> [WHAT TO WORK ON]: If a line in the data holds the string "nonzero", list it.

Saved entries
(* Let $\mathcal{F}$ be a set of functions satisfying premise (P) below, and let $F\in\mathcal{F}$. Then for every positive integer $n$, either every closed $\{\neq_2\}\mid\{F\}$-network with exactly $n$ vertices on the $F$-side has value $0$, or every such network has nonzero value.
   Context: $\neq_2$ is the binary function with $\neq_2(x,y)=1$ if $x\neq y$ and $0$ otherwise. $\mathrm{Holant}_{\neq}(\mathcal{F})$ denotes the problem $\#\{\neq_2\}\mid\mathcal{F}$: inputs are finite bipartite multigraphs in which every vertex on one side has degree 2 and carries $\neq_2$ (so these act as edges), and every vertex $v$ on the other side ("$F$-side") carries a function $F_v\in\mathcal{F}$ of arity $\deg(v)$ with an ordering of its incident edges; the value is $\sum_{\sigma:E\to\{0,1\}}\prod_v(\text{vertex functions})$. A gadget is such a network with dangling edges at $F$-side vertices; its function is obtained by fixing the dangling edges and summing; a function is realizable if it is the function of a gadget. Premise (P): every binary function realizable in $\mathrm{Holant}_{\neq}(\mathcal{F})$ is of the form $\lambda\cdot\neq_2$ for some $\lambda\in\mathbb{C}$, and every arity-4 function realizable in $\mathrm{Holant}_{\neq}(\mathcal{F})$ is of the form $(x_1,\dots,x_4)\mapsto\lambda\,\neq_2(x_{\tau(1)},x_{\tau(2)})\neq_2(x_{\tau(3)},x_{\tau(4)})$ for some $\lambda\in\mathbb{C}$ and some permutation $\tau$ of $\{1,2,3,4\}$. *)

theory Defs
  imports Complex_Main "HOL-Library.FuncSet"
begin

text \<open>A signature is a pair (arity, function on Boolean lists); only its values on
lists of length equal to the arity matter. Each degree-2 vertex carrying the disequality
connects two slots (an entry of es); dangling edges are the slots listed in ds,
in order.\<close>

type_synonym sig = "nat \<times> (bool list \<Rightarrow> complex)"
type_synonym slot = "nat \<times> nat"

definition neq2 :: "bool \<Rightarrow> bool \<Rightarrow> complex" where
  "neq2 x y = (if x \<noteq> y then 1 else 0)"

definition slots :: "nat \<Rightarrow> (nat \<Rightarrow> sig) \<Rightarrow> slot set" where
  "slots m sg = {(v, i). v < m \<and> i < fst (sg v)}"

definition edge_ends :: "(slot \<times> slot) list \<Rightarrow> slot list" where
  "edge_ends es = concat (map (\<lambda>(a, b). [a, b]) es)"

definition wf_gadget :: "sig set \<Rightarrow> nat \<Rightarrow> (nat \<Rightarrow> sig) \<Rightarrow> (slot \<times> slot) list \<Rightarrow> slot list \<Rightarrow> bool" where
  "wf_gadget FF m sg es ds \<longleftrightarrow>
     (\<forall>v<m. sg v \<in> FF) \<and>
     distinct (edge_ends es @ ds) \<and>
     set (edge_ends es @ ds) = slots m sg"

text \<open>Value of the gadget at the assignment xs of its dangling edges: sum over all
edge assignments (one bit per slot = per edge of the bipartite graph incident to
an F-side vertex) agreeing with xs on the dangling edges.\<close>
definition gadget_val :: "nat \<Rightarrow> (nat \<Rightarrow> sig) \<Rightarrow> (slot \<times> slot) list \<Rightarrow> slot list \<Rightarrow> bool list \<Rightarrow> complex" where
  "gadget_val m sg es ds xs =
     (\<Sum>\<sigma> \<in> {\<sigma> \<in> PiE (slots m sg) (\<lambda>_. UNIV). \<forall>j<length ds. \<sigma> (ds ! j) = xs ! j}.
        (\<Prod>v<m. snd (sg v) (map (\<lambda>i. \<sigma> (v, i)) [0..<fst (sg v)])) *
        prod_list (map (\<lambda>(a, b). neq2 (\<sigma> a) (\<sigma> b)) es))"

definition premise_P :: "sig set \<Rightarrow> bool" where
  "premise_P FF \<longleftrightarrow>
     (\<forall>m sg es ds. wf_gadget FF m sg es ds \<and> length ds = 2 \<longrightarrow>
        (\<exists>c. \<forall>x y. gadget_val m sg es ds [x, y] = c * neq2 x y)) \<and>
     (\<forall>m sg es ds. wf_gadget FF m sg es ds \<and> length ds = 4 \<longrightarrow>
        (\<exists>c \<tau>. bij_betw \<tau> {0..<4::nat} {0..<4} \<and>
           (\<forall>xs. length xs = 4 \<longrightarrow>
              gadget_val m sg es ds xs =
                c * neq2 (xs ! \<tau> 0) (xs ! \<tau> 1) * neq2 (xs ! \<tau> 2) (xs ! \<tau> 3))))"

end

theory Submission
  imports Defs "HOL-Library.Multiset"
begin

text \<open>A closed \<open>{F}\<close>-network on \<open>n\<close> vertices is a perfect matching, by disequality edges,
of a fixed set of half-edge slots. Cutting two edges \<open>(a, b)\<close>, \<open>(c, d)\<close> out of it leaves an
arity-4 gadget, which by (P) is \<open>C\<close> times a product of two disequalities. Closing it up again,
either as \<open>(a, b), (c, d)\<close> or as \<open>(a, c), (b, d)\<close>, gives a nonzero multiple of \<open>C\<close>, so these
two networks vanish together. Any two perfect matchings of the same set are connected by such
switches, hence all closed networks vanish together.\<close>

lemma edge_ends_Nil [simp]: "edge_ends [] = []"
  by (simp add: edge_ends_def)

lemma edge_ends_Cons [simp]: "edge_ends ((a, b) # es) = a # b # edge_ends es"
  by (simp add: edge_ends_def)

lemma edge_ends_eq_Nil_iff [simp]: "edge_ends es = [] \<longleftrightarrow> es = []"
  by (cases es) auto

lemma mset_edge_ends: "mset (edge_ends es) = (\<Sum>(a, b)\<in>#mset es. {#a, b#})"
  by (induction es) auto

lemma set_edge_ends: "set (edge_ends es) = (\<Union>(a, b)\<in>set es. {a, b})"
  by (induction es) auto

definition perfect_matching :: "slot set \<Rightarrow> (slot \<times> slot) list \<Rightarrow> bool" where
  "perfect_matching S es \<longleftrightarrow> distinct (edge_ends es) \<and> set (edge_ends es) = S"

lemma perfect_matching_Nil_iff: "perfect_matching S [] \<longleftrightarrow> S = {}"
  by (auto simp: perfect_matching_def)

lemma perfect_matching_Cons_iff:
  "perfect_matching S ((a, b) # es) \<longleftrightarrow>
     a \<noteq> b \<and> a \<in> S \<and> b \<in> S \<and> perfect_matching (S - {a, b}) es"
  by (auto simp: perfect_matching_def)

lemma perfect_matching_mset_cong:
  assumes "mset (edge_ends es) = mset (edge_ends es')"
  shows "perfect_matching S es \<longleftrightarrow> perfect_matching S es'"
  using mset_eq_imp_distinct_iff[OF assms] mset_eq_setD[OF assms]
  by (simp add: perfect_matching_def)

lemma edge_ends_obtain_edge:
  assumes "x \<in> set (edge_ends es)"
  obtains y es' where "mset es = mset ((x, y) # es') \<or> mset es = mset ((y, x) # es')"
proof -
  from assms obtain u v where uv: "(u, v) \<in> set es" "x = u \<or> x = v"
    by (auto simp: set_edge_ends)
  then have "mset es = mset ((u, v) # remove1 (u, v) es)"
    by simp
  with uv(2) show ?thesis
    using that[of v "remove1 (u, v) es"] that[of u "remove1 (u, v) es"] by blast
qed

> [RESPONSE TO THE EXERCISE]:
(* Let $\mathcal{F}$ be a set of functions satisfying premise (P) below, and let $F\in\mathcal{F}$. Then for every positive integer $n$, either every closed $\{\neq_2\}\mid\{F\}$-network with exactly $n$ vertices on the $F$-side has value $0$, or every such network has nonzero value.
either as \<open>(a, b), (c, d)\<close> or as \<open>(a, c), (b, d)\<close>, gives a nonzero multiple of \<open>C\<close>, so these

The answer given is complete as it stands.